My summer of Starr wars, murder under the dome and watching 'taters fly

By MIKE THEILER
Journalism alumnus

  Nobody cared that it was Sunday. Commandments were being broken by the keg-ful.

  The All-Carolina Harley Dealers Spring Rally was just getting started. The Beach House Bar’s floor already stank of stale beer, a thick fog of cigar smoke hung in the air and genteel Southern Belles were exposing their breasts, momentarily forgetting that back home in Asheville and Beaufort they were soccer moms and church-goers.

  The “Rally” is just a fancy name, coined by the Chamber of Commerce, for 10 days of hog hedonism that annually unsettles the local taxpayers and squares in green polyester pants who think they’re going to have a quiet week on the golf course.

  But where else can you rub tattoos with the Hell’s Angels and 100,000 of your best scooter-trash buddies and not get arrested?

  Professionally, of course, I claim to be documenting the pagan rituals for an as-yet-to-be- determined publication. Something along the lines of a Hunter Thompson gonzo journalism piece entitled “Fear and Loathing from Cape Fear to the Grand Strand.” Yeah, right. Kind of hard to take notes and shoot pictures with a can of Budweiser in each hand.
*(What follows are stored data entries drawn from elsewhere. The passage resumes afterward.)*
lemma marg_fdd_lumped:
  assumes "set (map snd obs) \<subseteq> T"
  shows "marg_fdd S Q f \<mu> obs = fdd T Q' (push S f \<mu>) obs"
proof -
  have "marg_fdd S Q f \<mu> obs
      = (\<Sum>a\<in>S. \<mu> a * (\<Sum>xs\<in>lifts obs. chain S Q a 0 (zip (map fst obs) xs)))"
    unfolding marg_fdd_def fdd_def lifts_def[symmetric]
    by (simp add: sum_distrib_left sum.swap[of _ "lifts obs"])
  also have "\<dots> = (\<Sum>a\<in>S. \<mu> a * chain T Q' (f a) 0 obs)"
    using assms by (simp add: chain_lumped)
  also have "\<dots> = fdd T Q' (push S f \<mu>) obs"
    by (simp add: sum_over_fibers[of "\<lambda>a. \<mu> a * chain T Q' (f a) 0 obs"] fdd_def push_def
        sum_distrib_right)
  finally show ?thesis .
qed

end

lemma sum_gen_row:
  assumes "finite S" "a \<in> S"
  shows "(\<Sum>s\<in>S. gen S r a s) = 0"
proof -
  have "(\<Sum>s\<in>S - {a}. gen S r a s) = (\<Sum>s\<in>S - {a}. r a s)"
    by (intro sum.cong) (auto simp: gen_def)
  then show ?thesis
    using assms by (simp add: sum.remove[of S a] gen_def)
qed

text \<open>Strong lumpability (Kemeny and Snell). Only the off-diagonal rates need to lump: the
  diagonal follows because the rows of a generator sum to zero.\<close>
lemma marginal_mjp_with_if_lumpable:
  assumes "finite S" "finite T" "f ` S \<subseteq> T"
    and lump: "\<And>a b. a \<in> S \<Longrightarrow> b \<in> T \<Longrightarrow> b \<noteq> f a \<Longrightarrow>
      (\<Sum>s\<in>{s\<in>S. f s = b}. r a s) = r' (f a) b"
  shows "marginal_mjp_with S (gen S r) f T r'"
proof -
  have off_diag: "(\<Sum>s\<in>{s\<in>S. f s = b}. gen S r a s) = gen T r' (f a) b"
    if "a \<in> S" "b \<in> T" "b \<noteq> f a" for a b
  proof -
    have "(\<Sum>s\<in>{s\<in>S. f s = b}. gen S r a s) = (\<Sum>s\<in>{s\<in>S. f s = b}. r a s)"
      using that by (intro sum.cong) (auto simp: gen_def)
    then show ?thesis
      using that lump[OF that] by (simp add: gen_def)
  qed
  interpret lumpable S T f "gen S r" "gen T r'"
  proof
    fix a b assume a: "a \<in> S" and b: "b \<in> T"
    show "(\<Sum>s\<in>{s\<in>S. f s = b}. gen S r a s) = gen T r' (f a) b"
    proof (cases "b = f a")
      case True
      have fa: "f a \<in> T" using a assms(3) by blast
      have "0 = (\<Sum>d\<in>T. \<Sum>s\<in>{s\<in>S. f s = d}. gen S r a s)"
        using sum.group[OF assms(1-3), of "gen S r a"] sum_gen_row[OF assms(1) a, of r] by simp
      also have "\<dots> = (\<Sum>s\<in>{s\<in>S. f s = f a}. gen S r a s) + (\<Sum>d\<in>T - {f a}. gen T r' (f a) d)"
        using a by (simp add: sum.remove[OF assms(2) fa] off_diag)
      also have "(\<Sum>d\<in>T - {f a}. gen T r' (f a) d) = (\<Sum>d\<in>T - {f a}. r' (f a) d)"
        by (intro sum.cong) (auto simp: gen_def)
      finally show ?thesis
        using True by (simp add: gen_def eq_neg_iff_add_eq_0)
    qed (use a b off_diag in simp)
  qed (use assms in auto)
  show ?thesis
    unfolding marginal_mjp_with_def using marg_fdd_lumped by blast
qed

lemma marg_fdd_point_mass_single:
  assumes "finite S" "a \<in> S"
  shows "marg_fdd S Q f (\<lambda>x. of_bool (x = a)) [(t, y)] = (\<Sum>x\<in>{x\<in>S. f x = y}. trans S Q t a x)"
proof -
  have lifts: "{xs. length xs = length [(t, y)] \<and> set xs \<subseteq> S \<and> map f xs = map snd [(t, y)]}
      = (\<lambda>x. [x]) ` {x\<in>S. f x = y}"
    by (auto simp: length_Suc_conv)
  have inj: "inj_on (\<lambda>x. [x]) {x\<in>S. f x = y}"
    by (auto simp: inj_on_def)
  have "fdd S Q (\<lambda>x. of_bool (x = a)) [(t, x)] = trans S Q t a x" for x
    using assms by (simp add: fdd_def sum.delta')
  then show ?thesis
    unfolding marg_fdd_def lifts by (simp add: sum.reindex[OF inj])
qed

lemma push_point_mass:
  assumes "finite S" "a \<in> S"
  shows "push S f (\<lambda>x. of_bool (x = a)) = (\<lambda>y. of_bool (f a = y))"
  using assms by (auto simp: push_def of_bool_def sum.delta' cong: if_cong)

lemma DERIV_unique_Ici:
  fixes g h :: "real \<Rightarrow> real"
  assumes "DERIV g x :> D" "DERIV h x :> D'" "\<And>t. x \<le> t \<Longrightarrow> g t = h t"
  shows "D = D'"
proof -
  have "(g has_field_derivative D) (at x within {x..})"
    using assms(1) by (rule has_field_derivative_at_within)
  then have "(h has_field_derivative D) (at x within {x..})"
    using assms(3) by (subst has_field_derivative_cong_eventually[symmetric])
      (auto simp: eventually_at_filter)
  moreover have "(h has_field_derivative D') (at x within {x..})"
    using assms(2) by (rule has_field_derivative_at_within)
  moreover have "at x within {x..} \<noteq> bot"
    by (simp add: at_within_Ici_at_right)
  ultimately show ?thesis
    by (rule has_field_derivative_unique)
qed

lemma marginal_mjp_with_fiber_rates_eq:
  assumes S: "finite S" and mjp: "marginal_mjp_with S Q f T r"
    and a: "a \<in> S" and a': "a' \<in> S" and "f a = f a'" and y: "y \<in> T"
  shows "(\<Sum>x\<in>{x\<in>S. f x = y}. Q a x) = (\<Sum>x\<in>{x\<in>S. f x = y}. Q a' x)"
proof (rule DERIV_unique_Ici)
  let ?F = "{x\<in>S. f x = y}"
  have distr: "distr S (\<lambda>x. of_bool (x = b))" if "b \<in> S" for b
    using S that by (simp add: distr_def sum.delta')
  have deriv: "DERIV (\<lambda>t. \<Sum>x\<in>?F. trans S Q t b x) 0 :> (\<Sum>x\<in>?F. Q b x)" if "b \<in> S" for b
    using S that by (intro DERIV_sum has_field_derivative_trans_0) auto
  show "DERIV (\<lambda>t. \<Sum>x\<in>?F. trans S Q t a x) 0 :> (\<Sum>x\<in>?F. Q a x)"
    by (rule deriv[OF a])
  show "DERIV (\<lambda>t. \<Sum>x\<in>?F. trans S Q t a' x) 0 :> (\<Sum>x\<in>?F. Q a' x)"
    by (rule deriv[OF a'])
  fix t :: real assume "0 \<le> t"
  then have obs: "valid_times [(t, y)]" "set (map snd [(t, y)]) \<subseteq> T"
    using y by (auto simp: valid_times_def)
  show "(\<Sum>x\<in>?F. trans S Q t a x) = (\<Sum>x\<in>?F. trans S Q t a' x)"
    using mjp distr[OF a] distr[OF a'] obs \<open>f a = f a'\<close>
    by (simp add: marginal_mjp_with_def marg_fdd_point_mass_single[symmetric] S a a'
        push_point_mass)
qed

section \<open>Clusters and compatible configurations\<close>

lemma conn_refl [simp]: "conn F x x"
  by (simp add: conn_def)

lemma conn_sym: "conn F x y \<Longrightarrow> conn F y x"
proof -
  have "sym {(a, b). {a, b} \<in> F}"
    by (auto simp: sym_def insert_commute)
  then show "conn F x y \<Longrightarrow> conn F y x"
    unfolding conn_def by (auto dest: symD sym_rtrancl)
qed

lemma conn_step: "conn F x a \<Longrightarrow> {a, b} \<in> F \<Longrightarrow> conn F x b"
  unfolding conn_def by (rule rtrancl_into_rtrancl) auto

lemma conn_edge_iff: "{a, b} \<in> F \<Longrightarrow> conn F x a \<longleftrightarrow> conn F x b"
  by (metis conn_step insert_commute)

lemma conn_spins_eq:
  assumes "conn F x y" "\<forall>f\<in>F. delta \<sigma> f"
  shows "\<sigma> x = \<sigma> y"
  using assms(1) unfolding conn_def
  by (induction rule: rtrancl_induct) (use assms(2) in \<open>auto simp: delta_def\<close>)

lemma graph_edgeE:
  assumes "graph V E" "e \<in> E"
  obtains u w where "u \<in> V" "w \<in> V" "u \<noteq> w" "e = {u, w}"
  using assms by (auto simp: graph_def)

lemma graph_edge_subset: "graph V E \<Longrightarrow> e \<in> E \<Longrightarrow> e \<subseteq> V"
  by (auto simp: graph_def)

lemma graph_finite_edges: "graph V E \<Longrightarrow> finite E"
  by (rule finite_subset[of E "Pow V"]) (auto simp: graph_def)

lemma conn_in_vertices:
  assumes "graph V E" "F \<subseteq> E" "conn F x y" "x \<in> V"
  shows "y \<in> V"
  using assms(3) unfolding conn_def
proof (induction rule: rtrancl_induct)
  case (step a b)
  then have "{a, b} \<in> E"
    using assms(2) by auto
  then show ?case
    using graph_edge_subset[OF assms(1)] by auto
qed (use assms(4) in simp)

lemma delta_doubleton [simp]: "delta \<sigma> {u, w} \<longleftrightarrow> \<sigma> u = \<sigma> w"
  by (auto simp: delta_def)

lemma gamma_doubleton: "gamma \<eta> {u, w} \<longleftrightarrow> conn (\<eta> - {{u, w}}) u w"
  by (auto simp: gamma_def intro: conn_sym)

lemma flipE_inj: "flipE \<eta> e = flipE \<eta> e' \<Longrightarrow> e = e'"
  unfolding flipE_def by (auto split: if_splits)

lemma flipE_flipE [simp]: "flipE (flipE \<eta> e) e = \<eta>"
  unfolding flipE_def by auto

lemma mem_flipE [simp]: "e \<in> flipE \<eta> e \<longleftrightarrow> e \<notin> \<eta>"
  unfolding flipE_def by auto

lemma gamma_flipE [simp]: "gamma (flipE \<eta> e) e = gamma \<eta> e"
  unfolding gamma_def flipE_def by (simp add: insert_Diff_if)

lemma flipcl_flipE [simp]: "flipcl (flipE \<eta> e) e = flipcl \<eta> e"
  unfolding flipcl_def flipE_def by (auto simp: insert_Diff_if)

lemma flipcl_flipcl [simp]: "flipcl \<eta> e x (flipcl \<eta> e x \<sigma>) = \<sigma>"
  unfolding flipcl_def by auto

lemma flipcl_eq_iff: "\<sigma>' = flipcl \<eta> e x \<sigma> \<longleftrightarrow> \<sigma> = flipcl \<eta> e x \<sigma>'"
  by auto

lemma spins_values: "\<sigma> \<in> spins V \<Longrightarrow> x \<in> V \<Longrightarrow> \<sigma> x = -1 \<or> \<sigma> x = 1"
  by (auto simp: spins_def)

lemma finite_spins: "finite V \<Longrightarrow> finite (spins V)"
  unfolding spins_def by (rule finite_PiE) auto

lemma finite_CS: "graph V E \<Longrightarrow> finite (CS V E)"
  by (rule finite_subset[of _ "Pow E \<times> spins V"])
    (auto simp: CS_def graph_finite_edges finite_spins graph_def)

text \<open>As e is a bridge, x is the only endpoint of e in the cluster of x.\<close>
lemma delta_flipcl_bridge:
  assumes "\<sigma> \<in> spins V" "e = {u, w}" "u \<in> V" "w \<in> V" "\<not> gamma \<eta> e" "x \<in> e"
  shows "delta (flipcl \<eta> e x \<sigma>) e \<longleftrightarrow> \<not> delta \<sigma> e"
proof -
  have "\<not> conn (\<eta> - {e}) u w" "\<not> conn (\<eta> - {e}) w u"
    using assms(2,5) by (auto simp: gamma_doubleton dest: conn_sym)
  then show ?thesis
    using assms spins_values[OF assms(1) assms(3)] spins_values[OF assms(1) assms(4)]
    by (auto simp: flipcl_def)
qed

lemma flipcl_spins:
  assumes "graph V E" "\<eta> \<subseteq> E" "\<sigma> \<in> spins V" "x \<in> V"
  shows "flipcl \<eta> e x \<sigma> \<in> spins V"
proof -
  have "\<not> conn (\<eta> - {e}) x y" if "y \<notin> V" for y
    using conn_in_vertices[OF assms(1) _ _ assms(4), of "\<eta> - {e}"] assms(2) that by blast
  then show ?thesis
    using assms(3) spins_values[OF assms(3)] by (auto simp: spins_def flipcl_def PiE_iff extensional_def)
qed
  For five years, Bike Week has been an annual pilgrimage for me, and so despite the fact that I now lived in China, this year would be no exception. My plan was that after the debauchery of the rally, I would work for Reuters in Washington for a month and then return to the Orient. Little did I know that I would be witness to some truly historic events in the summer of 1998.

  As the Monica Lewinsky scandal unfolded in January, I couldn’t help but be thankful that I was 10,000 miles away. CNN displayed images of colleagues soaked in freezing drizzle staking out her Watergate residence, scrums of tusseling photographers elbowing for position outside Lewinsky’s lawyer’s offices, scores of lensmen rimming the perimeter of the U.S. District Court where the grand jury was meeting.
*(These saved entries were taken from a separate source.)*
(* Assume the standing setting below. Let $\alpha\in(0,1/6]$ with $\alpha n$ an integer, let $P_1\subseteq X$ with $|P_1|=\alpha n$, let $\beta\ge1$, and let $T_\alpha\subseteq P_1$ with $|T_\alpha|\le k_+$ satisfy $R(P_1,T_\alpha)\le\beta\min\{R(P_1,T):T\subseteq P_1,|T|\le k_+\}$. Let $\mathcal{B}_a$ be a $(\phi_\alpha/15)$-linear bin division of $X$ with respect to $\mathrm{OPT}$. Suppose $\mathcal{B}_a$ is trivial or well-represented in $P_1$ for $X$, and that for every $i$ with $|C_i^*|\ge\phi_\alpha$, $C_i^*$ is well-represented in $P_1$ for $X$. Then $$R(X^\alpha_{\mathrm{large}},T_\alpha)\le(18\beta+10)\,R(X,\mathrm{OPT}).$$
   Context: Standing setting: $(X,\rho)$ is a finite metric space with $|X|=n$; $k\ge 2$ is an integer and $\delta\in(0,1)$; $\log$ is the natural logarithm; $k_+:=k+38\log(32k/\delta)$. For nonempty $T\subseteq X$, $\rho(x,T):=\min_{y\in T}\rho(x,y)$ and $R(S,T):=\sum_{x\in S}\rho(x,T)$; ties are broken by a fixed ordering. $\mathrm{OPT}=\{c_1^*,\ldots,c_k^*\}$ is a set of at most $k$ points of $X$ minimizing $R(X,\cdot)$, and $C_i^*:=\{x\in X: i=\arg\min_{j\in[k]}\rho(c_j^*,x)\}$. For $\alpha>0$, $\phi_\alpha:=150\log(32k/\delta)/\alpha$; $X^\alpha_{\mathrm{large}}:=\bigcup\{C_i^*:|C_i^*|\ge\phi_\alpha\}$. For finite $W$, $A,B\subseteq W$, $B$ is well-represented in $A$ for $W$ if $|B\cap A|/|B|\in[r/2,\frac32 r]$ with $r=|A|/|W|$; a bin division is well-represented if all its bins are. A $z$-linear bin division ($z>0$) of $W$ with respect to $T$ is a partition $(\mathcal{B}(1),\ldots,\mathcal{B}(L))$ of $W$ with: (1) if $z\le|W|$, $|\mathcal{B}(i)|\ge z(i+1)/2$ for all $i$; otherwise it is trivial, $\mathcal{B}(1):=W$; (2) $|\mathcal{B}(1)|\le\frac52 z$; (3) $|\mathcal{B}(i+1)|/|\mathcal{B}(i)|\le3/2$; (4) $\rho(x,T)\ge\rho(x',T)$ whenever $x\in\mathcal{B}(i)$, $x'\in\mathcal{B}(i+1)$. *)

theory Defs
  imports Complex_Main
begin

definition finite_metric :: "'a set \<Rightarrow> ('a \<Rightarrow> 'a \<Rightarrow> real) \<Rightarrow> bool" where
  "finite_metric X \<rho> \<longleftrightarrow> finite X \<and> X \<noteq> {} \<and>
     (\<forall>x\<in>X. \<forall>y\<in>X. \<rho> x y \<ge> 0 \<and> (\<rho> x y = 0 \<longleftrightarrow> x = y) \<and> \<rho> x y = \<rho> y x) \<and>
     (\<forall>x\<in>X. \<forall>y\<in>X. \<forall>z\<in>X. \<rho> x z \<le> \<rho> x y + \<rho> y z)"

definition distS :: "('a \<Rightarrow> 'a \<Rightarrow> real) \<Rightarrow> 'a \<Rightarrow> 'a set \<Rightarrow> real" where
  "distS \<rho> x T = Min ((\<rho> x) ` T)"

definition Rcost :: "('a \<Rightarrow> 'a \<Rightarrow> real) \<Rightarrow> 'a set \<Rightarrow> 'a set \<Rightarrow> real" where
  "Rcost \<rho> S T = (\<Sum>x\<in>S. distS \<rho> x T)"

definition kplus :: "nat \<Rightarrow> real \<Rightarrow> real" where
  "kplus k \<delta> = real k + 38 * ln (32 * real k / \<delta>)"

definition phi :: "nat \<Rightarrow> real \<Rightarrow> real \<Rightarrow> real" where
  "phi k \<delta> \<alpha> = 150 * ln (32 * real k / \<delta>) / \<alpha>"

text \<open>Optimal clusters C_i^*: centers c 1, ..., c k; x belongs to the cluster of the
  index j in {1..k} minimising rho(c_j, x), ties broken by the smallest index.\<close>
definition cluster :: "'a set \<Rightarrow> ('a \<Rightarrow> 'a \<Rightarrow> real) \<Rightarrow> nat \<Rightarrow> (nat \<Rightarrow> 'a) \<Rightarrow> nat \<Rightarrow> 'a set" where
  "cluster X \<rho> k c i = {x \<in> X. i = (LEAST j. j \<in> {1..k} \<and> (\<forall>j'\<in>{1..k}. \<rho> (c j) x \<le> \<rho> (c j') x))}"

definition Xlarge :: "'a set \<Rightarrow> ('a \<Rightarrow> 'a \<Rightarrow> real) \<Rightarrow> nat \<Rightarrow> (nat \<Rightarrow> 'a) \<Rightarrow> real \<Rightarrow> real \<Rightarrow> 'a set" where
  "Xlarge X \<rho> k c \<delta> \<alpha> = \<Union>{cluster X \<rho> k c i | i. i \<in> {1..k} \<and> real (card (cluster X \<rho> k c i)) \<ge> phi k \<delta> \<alpha>}"

definition well_represented :: "'a set \<Rightarrow> 'a set \<Rightarrow> 'a set \<Rightarrow> bool" where
  "well_represented W A B \<longleftrightarrow>
     (let r = real (card A) / real (card W) in
       real (card (B \<inter> A)) / real (card B) \<in> {r / 2 .. 3 / 2 * r})"

definition linear_bin_division ::
  "('a \<Rightarrow> 'a \<Rightarrow> real) \<Rightarrow> real \<Rightarrow> 'a set \<Rightarrow> 'a set \<Rightarrow> nat \<Rightarrow> (nat \<Rightarrow> 'a set) \<Rightarrow> bool" where
  "linear_bin_division \<rho> z W T L B \<longleftrightarrow>
     z > 0 \<and> L \<ge> 1 \<and>
     (\<Union>i\<in>{1..L}. B i) = W \<and>
     (\<forall>i\<in>{1..L}. \<forall>j\<in>{1..L}. i \<noteq> j \<longrightarrow> B i \<inter> B j = {}) \<and>
     (if z \<le> real (card W) then (\<forall>i\<in>{1..L}. real (card (B i)) \<ge> z * (real i + 1) / 2)
      else (L = 1 \<and> B 1 = W)) \<and>
     real (card (B 1)) \<le> 5 / 2 * z \<and>
     (\<forall>i. 1 \<le> i \<and> i < L \<longrightarrow> real (card (B (i + 1))) / real (card (B i)) \<le> 3 / 2) \<and>
     (\<forall>i. 1 \<le> i \<and> i < L \<longrightarrow> (\<forall>x\<in>B i. \<forall>x'\<in>B (i + 1). distS \<rho> x T \<ge> distS \<rho> x' T))"

definition trivial_division :: "real \<Rightarrow> 'a set \<Rightarrow> bool" where
  "trivial_division z W \<longleftrightarrow> z > real (card W)"

end

theory Submission
  imports Defs
begin

text \<open>
  Because the bins are sorted by distance to OPT, each bin is at most 3/2 times larger than its
  predecessor and all bins are well-represented in \<open>P\<^sub>1\<close>, every sample point outside the first
  bin can be charged to the average OPT-cost of the preceding bin; hence
  \<open>R(P\<^sub>1 - B(1), OPT) \<le> (9/4) \<alpha> R(X, OPT)\<close>. Projecting OPT onto \<open>P\<^sub>1\<close> and adding the few sample
  points of the first bin yields at most \<open>k\<^sub>+\<close> centres in \<open>P\<^sub>1\<close> whose cost on \<open>P\<^sub>1\<close> is at most
  twice that, so \<open>R(P\<^sub>1, T\<^sub>\<alpha>) \<le> 2\<beta> R(P\<^sub>1 - B(1), OPT)\<close>. A large optimal cluster keeps at least an
  \<open>\<alpha>/4\<close> fraction of its points in \<open>P\<^sub>1 - B(1)\<close>; routing each of its points through its optimal
  centre and the point of \<open>T\<^sub>\<alpha>\<close> nearest to that centre, its cost under \<open>T\<^sub>\<alpha>\<close> exceeds its
  OPT-cost by at most \<open>4/\<alpha>\<close> times the cost of those sample points under OPT and \<open>T\<^sub>\<alpha>\<close>.
  Summing gives \<open>R(X, OPT) + (4/\<alpha>)(1 + 2\<beta>)(9/4)\<alpha> R(X, OPT)\<close>.
\<close>

lemma finite_metric_finite: "finite_metric X \<rho> \<Longrightarrow> finite X"
  unfolding finite_metric_def by blast

lemma finite_metric_nonneg: "finite_metric X \<rho> \<Longrightarrow> x \<in> X \<Longrightarrow> y \<in> X \<Longrightarrow> 0 \<le> \<rho> x y"
  unfolding finite_metric_def by blast

lemma finite_metric_self: "finite_metric X \<rho> \<Longrightarrow> x \<in> X \<Longrightarrow> \<rho> x x = 0"
  unfolding finite_metric_def by blast

lemma finite_metric_commute: "finite_metric X \<rho> \<Longrightarrow> x \<in> X \<Longrightarrow> y \<in> X \<Longrightarrow> \<rho> x y = \<rho> y x"
  unfolding finite_metric_def by blast

lemma finite_metric_triangle:
  "finite_metric X \<rho> \<Longrightarrow> x \<in> X \<Longrightarrow> y \<in> X \<Longrightarrow> z \<in> X \<Longrightarrow> \<rho> x z \<le> \<rho> x y + \<rho> y z"
  unfolding finite_metric_def by blast

lemma distS_le: "finite T \<Longrightarrow> t \<in> T \<Longrightarrow> distS \<rho> x T \<le> \<rho> x t"
  unfolding distS_def by (intro Min_le) auto

lemma distS_attained:
  assumes "finite T" "T \<noteq> {}"
  obtains t where "t \<in> T" "distS \<rho> x T = \<rho> x t"
proof -
  have "Min (\<rho> x ` T) \<in> \<rho> x ` T" using assms by (intro Min_in) auto
  then show ?thesis using that unfolding distS_def by blast
qed

lemma distS_nonneg:
  assumes "finite_metric X \<rho>" "finite T" "T \<noteq> {}" "T \<subseteq> X" "x \<in> X"
  shows "0 \<le> distS \<rho> x T"
  using assms by (metis distS_attained finite_metric_nonneg subsetD)

lemma distS_triangle:
  assumes metric: "finite_metric X \<rho>" and T: "finite T" "T \<noteq> {}" "T \<subseteq> X"
    and "x \<in> X" "y \<in> X"
  shows "distS \<rho> x T \<le> \<rho> x y + distS \<rho> y T"
proof -
  obtain t where t: "t \<in> T" "distS \<rho> y T = \<rho> y t"
    using distS_attained[OF T(1,2)] by blast
  have "distS \<rho> x T \<le> \<rho> x t" using distS_le[OF T(1) t(1)] .
  also have "\<dots> \<le> \<rho> x y + \<rho> y t"
    using assms t by (intro finite_metric_triangle[OF metric]) auto
  finally show ?thesis using t by simp
qed

lemma Rcost_nonneg:
  assumes "finite_metric X \<rho>" "finite T" "T \<noteq> {}" "T \<subseteq> X" "S \<subseteq> X"
  shows "0 \<le> Rcost \<rho> S T"
  unfolding Rcost_def using assms by (intro sum_nonneg distS_nonneg[of X]) auto

lemma Rcost_mono:
  assumes metric: "finite_metric X \<rho>" and "finite T" "T \<noteq> {}" "T \<subseteq> X" "S \<subseteq> S'" "S' \<subseteq> X"
  shows "Rcost \<rho> S T \<le> Rcost \<rho> S' T"
  unfolding Rcost_def using assms finite_metric_finite[OF metric]
  by (intro sum_mono2 distS_nonneg[OF metric]) (auto intro: finite_subset)

lemma Rcost_UN_disjoint:
  assumes "finite I" "\<And>i. i \<in> I \<Longrightarrow> finite (S i)"
    and "\<And>i j. i \<in> I \<Longrightarrow> j \<in> I \<Longrightarrow> i \<noteq> j \<Longrightarrow> S i \<inter> S j = {}"
  shows "Rcost \<rho> (\<Union>i\<in>I. S i) T = (\<Sum>i\<in>I. Rcost \<rho> (S i) T)"
  unfolding Rcost_def using assms by (intro sum.UNION_disjoint) auto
  In an economic sense, life was good; everybody was working. Every freelancer and stringer had a job and a fat day-rate. There were too many players, too many events, too many scenes to be left uncovered. Fiscal budgets would be in tatters by April.

  But from my comfortable chair halfway across the globe, it all seemed so sordid. Rumors and hearsay were being rushed out unverified in an attempt to feed the insatiable appetites of cable TV and the Internet press. Yes, I was glad not to be a part of it.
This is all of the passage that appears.